As for the ordered dose, when given for "serious" infections the usual dose is 50-75 mg/kg/dose and for meningitis the dose could go as high as 100 mg/kg for the initial dose (max 4gm) followed by 100 mg/kg/day in divided doses q12h. Does that help?

Thanks NotReady! so you mean the usual dose for ceftriaxone is 50-75mg/kg/dose? if so I feel better about the dosaging. I always look up my doses in peds, yes even with tylenol and motrin because floating between adult and peds can blur the lines sometimes and I just like being sure.

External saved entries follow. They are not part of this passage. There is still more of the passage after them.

lemma cubic_disc_nonzero_weighted_secant:
  fixes q0 q1 q2 q3 :: complex
  assumes "cubic_disc q0 q1 q2 q3 \<noteq> 0"
  obtains a b x z x' z' where "q0 = a * z^3 + b * z'^3" "q1 = a * x * z^2 + b * x' * z'^2"
    "q2 = a * x^2 * z + b * x'^2 * z'" "q3 = a * x^3 + b * x'^3"
proof -
  define k0 k1 k2 where "k0 = q1 * q3 - q2^2" and "k1 = q1 * q2 - q0 * q3" and "k2 = q0 * q2 - q1^2"
  have recurrence: "k0 * q0 + k1 * q1 + k2 * q2 = 0" "k0 * q1 + k1 * q2 + k2 * q3 = 0"
    unfolding k0_def k1_def k2_def by algebra+
  have disc: "k1^2 - 4 * k0 * k2 \<noteq> 0"
    using assms unfolding cubic_disc_def k0_def k1_def k2_def .
  show ?thesis
  proof (cases "k2 = 0")
    case True
    \<comment> \<open>one end of the secant is the point at infinity \<open>(x : z) = (1 : 0)\<close>\<close>
    then have "k1 \<noteq> 0" using disc by simp
    have "k1 * q1 = - (k0 * q0)"
      using recurrence(1) True by (simp add: eq_neg_iff_add_eq_0 add.commute)
    with \<open>k1 \<noteq> 0\<close> have e1: "q1 = - k0 * q0 / k1" by (simp add: field_simps)
    have e2: "q2 = k0^2 * q0 / k1^2"
      using recurrence(2) True \<open>k1 \<noteq> 0\<close> e1 by (simp add: field_simps power2_eq_square)
    show ?thesis
      by (rule that[where a = "q0 / k1^3" and b = "q3 + k0^3 * q0 / k1^3" and x = "- k0" and z = k1
            and x' = 1 and z' = 0])
        (use \<open>k1 \<noteq> 0\<close> e1 e2 in \<open>simp_all add: field_simps power2_eq_square power3_eq_cube\<close>)
  next
    case False
    obtain t1 t2 where roots: "t1 \<noteq> t2" "k2 * t1^2 + k1 * t1 + k0 = 0" "k2 * t2^2 + k1 * t2 + k0 = 0"
      by (rule quadratic_distinct_roots[OF False disc])
    obtain a b where "q0 = a + b" "q1 = a * t1 + b * t2" "q2 = a * t1^2 + b * t2^2"
        "q3 = a * t1^3 + b * t2^3"
      by (rule second_order_recurrence_solution[OF False roots recurrence])
    then show ?thesis by (intro that[where x = t1 and z = 1 and x' = t2 and z' = 1]) simp_all
  qed
qed
lemma split_index_facts:
  assumes c: "1 \<le> c" and jB: "(j, B) \<in> split_index c k n"
  shows "barrier_split c k (prefix_letters n k B) B" "card (prefix_letters n k B) = j - 1"
    "{1..k} \<subseteq> prefix_letters n k B" "finite B" "\<forall>b\<in>B. k + 1 < b"
proof -
  have j: "c * k + 2 \<le> j" "j \<le> n" and B: "B \<subseteq> {k + 2..n}" "card B = n - j"
    using jB by (auto simp: split_index_def)
  show fB: "finite B" using B(1) finite_subset by blast
  show "\<forall>b\<in>B. k + 1 < b" using B(1) by auto
  have "k \<le> c * k" using c by simp
  then have "k + 1 \<le> n" using j by linarith
  then have sub: "insert (k + 1) B \<subseteq> {1..n}" using B(1) by auto
  have "k + 1 \<notin> B" using B(1) by auto
  then have "card (insert (k + 1) B) = n - j + 1" using fB B(2) by simp
  then show card: "card (prefix_letters n k B) = j - 1"
    using card_Diff_subset[OF finite_subset[OF sub] sub] j by (simp add: prefix_letters_def)
  show "{1..k} \<subseteq> prefix_letters n k B" using B(1) \<open>k + 1 \<le> n\<close> by (auto simp: prefix_letters_def)
  show "barrier_split c k (prefix_letters n k B) B"
    using c card j by unfold_locales (auto simp: prefix_letters_def)
qed

lemma split_words_squished_perms:
  assumes c: "1 \<le> c" and jB: "(j, B) \<in> split_index c k n" and x: "x \<in> split_words c k (prefix_letters n k B) B"
  shows "x \<in> squished_perms c k n - squished_perms c (k + 1) n"
proof -
  obtain p q where x: "x = p @ q" and p: "p \<in> squished_words c k (prefix_letters n k B)"
    and q: "q \<in> headed_words (k + 1) B"
    using x by (auto simp: split_words_def)
  note facts = split_index_facts[OF c jB]
  have j: "c * k + 2 \<le> j" "j \<le> n" using jB by (auto simp: split_index_def)
  have dp: "distinct p" and sp: "set p = prefix_letters n k B" and sqp: "squished c k p"
    using p by (auto simp: squished_words_def)
  have dq: "distinct q" and sq: "set q = insert (k + 1) B" and hq: "hd q = k + 1"
    using q by (auto simp: headed_words_def)
  have lp: "length p = j - 1" using dp sp facts(2) by (metis distinct_card)
  have "k \<le> c * k" using c by simp
  then have "k + 1 \<le> n" using j by linarith
  then have sub: "insert (k + 1) B \<subseteq> {1..n}" using jB by (auto simp: split_index_def)
  have "x \<in> perms n" using x dp dq sp sq sub by (auto simp: perms_def prefix_letters_def)
  moreover have "k \<le> length p" using lp j \<open>k \<le> c * k\<close> by linarith
  then have "squished c k x" using squished_append[OF sqp] x by simp
  moreover have "k + 1 \<notin> set (take (c * k + 1) x)"
  proof -
    have "take (c * k + 1) x = take (c * k + 1) p" using lp j x by simp
    then show ?thesis using sp by (auto simp: prefix_letters_def dest: in_set_takeD)
  qed
  moreover have "k + 1 \<le> length x" using \<open>k \<le> length p\<close> x sq by (cases q) auto
  ultimately show ?thesis by (simp add: squished_perms_def squished_Suc_iff)
qed

lemma squished_perms_Diff_imp_split_words:
  assumes c: "1 \<le> c" and n: "c * k + 1 < n"
    and x: "x \<in> squished_perms c k n - squished_perms c (k + 1) n"
  obtains j B where "(j, B) \<in> split_index c k n" "x \<in> split_words c k (prefix_letters n k B) B"
proof -
  have xp: "x \<in> perms n" and sqx: "squished c k x" and nsqx: "\<not> squished c (k + 1) x"
    using x by (auto simp: squished_perms_def)
  have dx: "distinct x" and sx: "set x = {1..n}" using xp by (auto simp: perms_def)
  have lx: "length x = n" using length_perms[OF xp] .
  have "k \<le> c * k" using c by simp
  then have kn: "k + 1 \<le> n" using n by linarith
  then have not_early: "k + 1 \<notin> set (take (c * k + 1) x)" using nsqx sqx lx by (simp add: squished_Suc_iff)
  have "k + 1 \<in> set x" using sx kn by simp
  then obtain i where i: "i < n" "x ! i = k + 1" using lx by (metis in_set_conv_nth)
  have ick: "c * k + 1 \<le> i"
  proof (rule ccontr)
    assume "\<not> c * k + 1 \<le> i"
    then have "x ! i \<in> set (take (c * k + 1) x)" using i lx by (auto simp: in_set_conv_nth intro!: exI[of _ i])
    then show False using not_early i by simp
  qed
  define p where "p = take i x"
  define B where "B = set (drop (i + 1) x)"
  define q where "q = drop i x"
  have xpq: "x = p @ q" by (simp add: p_def q_def)
  have q: "q = (k + 1) # drop (i + 1) x" using i lx by (simp add: q_def Cons_nth_drop_Suc[symmetric])
  have sqp: "squished c k p"
    unfolding p_def by (rule squished_take[OF sqx]) (use ick in \<open>simp add: diff_mult_distrib2\<close>)
  have lp: "length p = i" using i lx by (simp add: p_def)
  have low: "{1..k} \<subseteq> set p" using squished_letters[OF sqp] lp ick \<open>k \<le> c * k\<close> by simp
  have disj: "set p \<inter> set q = {}" using dx unfolding xpq by simp
  have kB: "k + 1 \<notin> B" using distinct_drop[OF dx, of i] q by (simp add: q_def B_def)
  have sq: "set q = insert (k + 1) B" using q by (simp add: B_def)
  have "set p = set x - set q" using disj xpq by auto
  then have sp: "set p = prefix_letters n k B" using sx sq by (simp add: prefix_letters_def)
  have "B \<subseteq> {k + 2..n}"
  proof
    fix y assume y: "y \<in> B"
    then have "y \<in> {1..n}" "y \<notin> {1..k}" "y \<noteq> k + 1"
      using sx xpq sq low disj kB by auto
    then show "y \<in> {k + 2..n}" by auto
  qed
  moreover have "card B = n - (i + 1)"
    unfolding B_def using dx lx by (simp add: distinct_card distinct_drop)
  ultimately have "(i + 1, B) \<in> split_index c k n" using ick i by (simp add: split_index_def)
  moreover have "p \<in> squished_words c k (prefix_letters n k B)"
    using dx sqp sp by (simp add: squished_words_def p_def)
  moreover have "q \<in> headed_words (k + 1) B"
    using distinct_drop[OF dx, of i] q sq by (simp add: headed_words_def q_def)
  ultimately show thesis using that xpq by (auto simp: split_words_def)
qed

lemma set_dropWhile_split_words:
  assumes "x \<in> split_words c k (prefix_letters n k B) B"
  shows "set (dropWhile (\<lambda>y. y \<noteq> k + 1) x) = insert (k + 1) B"
proof -
  obtain p q where x: "x = p @ q" and p: "p \<in> squished_words c k (prefix_letters n k B)"
    and q: "q \<in> headed_words (k + 1) B"
    using assms by (auto simp: split_words_def)
  have "k + 1 \<notin> set p" using p by (simp add: squished_words_def prefix_letters_def)
  then have "dropWhile (\<lambda>y. y \<noteq> k + 1) x = dropWhile (\<lambda>y. y \<noteq> k + 1) q"
    unfolding x by (intro dropWhile_append2) blast
  also have "\<dots> = q" using q by (cases q) (simp_all add: headed_words_def)
  finally show ?thesis using q by (simp add: headed_words_def)
qed

lemma split_words_disjoint:
  assumes "(j, B) \<in> split_index c k n" "(j', B') \<in> split_index c k n" "(j, B) \<noteq> (j', B')"
  shows "split_words c k (prefix_letters n k B) B \<inter> split_words c k (prefix_letters n k B') B' = {}"
proof -
  have "k + 1 \<notin> B" "k + 1 \<notin> B'" "card B = n - j" "card B' = n - j'" "j \<le> n" "j' \<le> n"
    using assms(1,2) by (auto simp: split_index_def)
  then have "B \<noteq> B'" using assms(3) by auto
  then have "insert (k + 1) B \<noteq> insert (k + 1) B'"
    using \<open>k + 1 \<notin> B\<close> \<open>k + 1 \<notin> B'\<close> by (metis insert_ident)
  then show ?thesis using set_dropWhile_split_words by blast
qed

lemma card_classes_split_words_index:
  assumes c: "1 \<le> c" and jB: "(j, B) \<in> split_index c k n"
  shows "card (class_of (word_equiv c) ` split_words c k (prefix_letters n k B) B) =
    gcount c k (j - 1) * gcount c 1 (n - j + 1)"
proof -
  note facts = split_index_facts[OF c jB]
  interpret barrier_split c k "prefix_letters n k B" B by (rule facts(1))
  have "k \<le> c * k" using c by simp
  then have "k \<le> card (prefix_letters n k B)" using A(4) by linarith
  then have "card (class_of (word_equiv c) ` squished_words c k (prefix_letters n k B)) = gcount c k (j - 1)"
    using card_classes_squished_words[OF A(1,2) facts(3)] facts(2) by simp
  moreover have "card (class_of (word_equiv c) ` headed_words (k + 1) B) = gcount c 1 (n - j + 1)"
    using card_classes_headed_words[OF facts(4,5)] jB by (simp add: split_index_def)
  ultimately show ?thesis using card_classes_split_words by simp
qed
definition mset_cochain_pair :: "('l multiset \<Rightarrow> 'm) \<Rightarrow> ('l \<Rightarrow> 'l multiset \<Rightarrow> 'm) \<Rightarrow> bool" where
  "mset_cochain_pair \<Phi> \<Omega> \<longleftrightarrow> mset_cochain \<Phi> \<and> (\<forall>x. mset_cochain (\<Omega> x)) \<and>
     (\<forall>a x X. \<Omega> (smL a x) X = smM (a ^ 2) (\<Omega> x X)) \<and>
     (\<forall>x y X. \<Omega> (x + y) X = \<Omega> x X + \<Omega> y X + \<Phi> (add_mset x (add_mset y X)))"

lemma contract_smM_fun: "contract x (\<lambda>X. smM a (\<Psi> X)) = (\<lambda>X. smM a (contract x \<Psi> X))"
  by (simp add: fun_eq_iff contract_def)

lemma contract_smL_entry:
  "slot_homogeneous \<Psi> \<Longrightarrow> contract (smL a u) \<Psi> = (\<lambda>X. smM a (contract u \<Psi> X))"
  by (simp add: fun_eq_iff contract_def slot_homogeneous_def)

lemma lie_smM: "lie x (\<lambda>X. smM a (\<Psi> X)) X = smM a (lie x \<Psi> X) + smM (\<theta> x a) (\<Psi> X)"
  by (simp add: lie_def rho_smM smM_pick_sum add_ac)

lemma lie_add_left: "slot_additive \<Psi> \<Longrightarrow> lie (x + y) \<Psi> X = lie x \<Psi> X + lie y \<Psi> X"
  by (simp add: lie_def slot_additive_def pick_sum_add add_ac)

lemma lie_smL:
  assumes "slot_additive \<Psi>" and "slot_homogeneous \<Psi>"
  shows "lie (smL a x) \<Psi> X = smM a (lie x \<Psi> X) + pick_sum (\<lambda>y Y. smM (\<theta> y a) (contract x \<Psi> Y)) X"
  using assms
  by (simp add: lie_def slot_additive_def slot_homogeneous_def br_smL_left rho_smL smM_pick_sum
      pick_sum_add contract_def add_ac)

lemma mset_cochain_add:
  "mset_cochain \<Psi> \<Longrightarrow> mset_cochain \<Psi>' \<Longrightarrow> mset_cochain (\<lambda>X. \<Psi> X + \<Psi>' X)"
  by (simp add: mset_cochain_def slot_additive_def slot_homogeneous_def slot_alternating_def add_ac)

lemma mset_cochain_contract: "mset_cochain \<Psi> \<Longrightarrow> mset_cochain (contract x \<Psi>)"
  by (simp add: mset_cochain_def slot_additive_contract slot_homogeneous_def slot_alternating_def
      contract_def add_mset_commute[of x])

I even had a question of how fast antibiotics should go in per minute? But I guess that is not so big of a deal once the dosage and volume of fluids is safe???? am i right or????

But thanks for your reply!

NotReady4PrimeTime, RN

Specializes in NICU, PICU, PCVICU and peds oncology. Has 25 years experience.

Generally speaking ceftriaxone isn't prescribed for any of the garden-variety bugs. It's often given in the setting of sepsis as an initial antimicrobial while cultures are pending because of its broad spectrum and the fact it can be given IM. Rarely do we see it given as THE antimicrobial for duration of treatment for serious infection though.

Fluid boluses are usually 10 mL/kg x as many as needed to reach hemodynamic stability. If you're already up to 60 mL/kg then it might be time to consider norepinephrine as an adjunct to fluid. As long as you're not squeezing an empty tank, norepi is the best inotrope for shock in kids. Even kids with congenital heart conditions will typically tolerate a large volume of fluid.

There are a number of drugs that can be given IV direct over 3-5 minutes. They include morphine, midazolam, lorazepam, diazepam, ketamine, propofol, fentanyl, succinylcholine, rocuronium, vecuronium, pancuronium, ketorolac, hydrocortisone, dexamethasone, ondansetron, metoclopramide, cefazolin, ampicillin, meropenem, gentamicin, tobramycin, digoxin, atropine, diphenhydramine, dimenhydrinate, naloxone, flumazenil and vitamin K. Antibiotics such as cetotaxime, ceftriaxone, cefuroxime, imipenem, piperacillin (+/- tazobactam) and penicillin G can be ifused over 5-30 minutes. Others such as ciprofloxacin, levofloxacin, metronidazole, clindamycin, and vancomycin should run over at least 1 hour and amphotericin B over at least 2 hours. You probably won't be administering most of these to peds patients in the ER but you never know.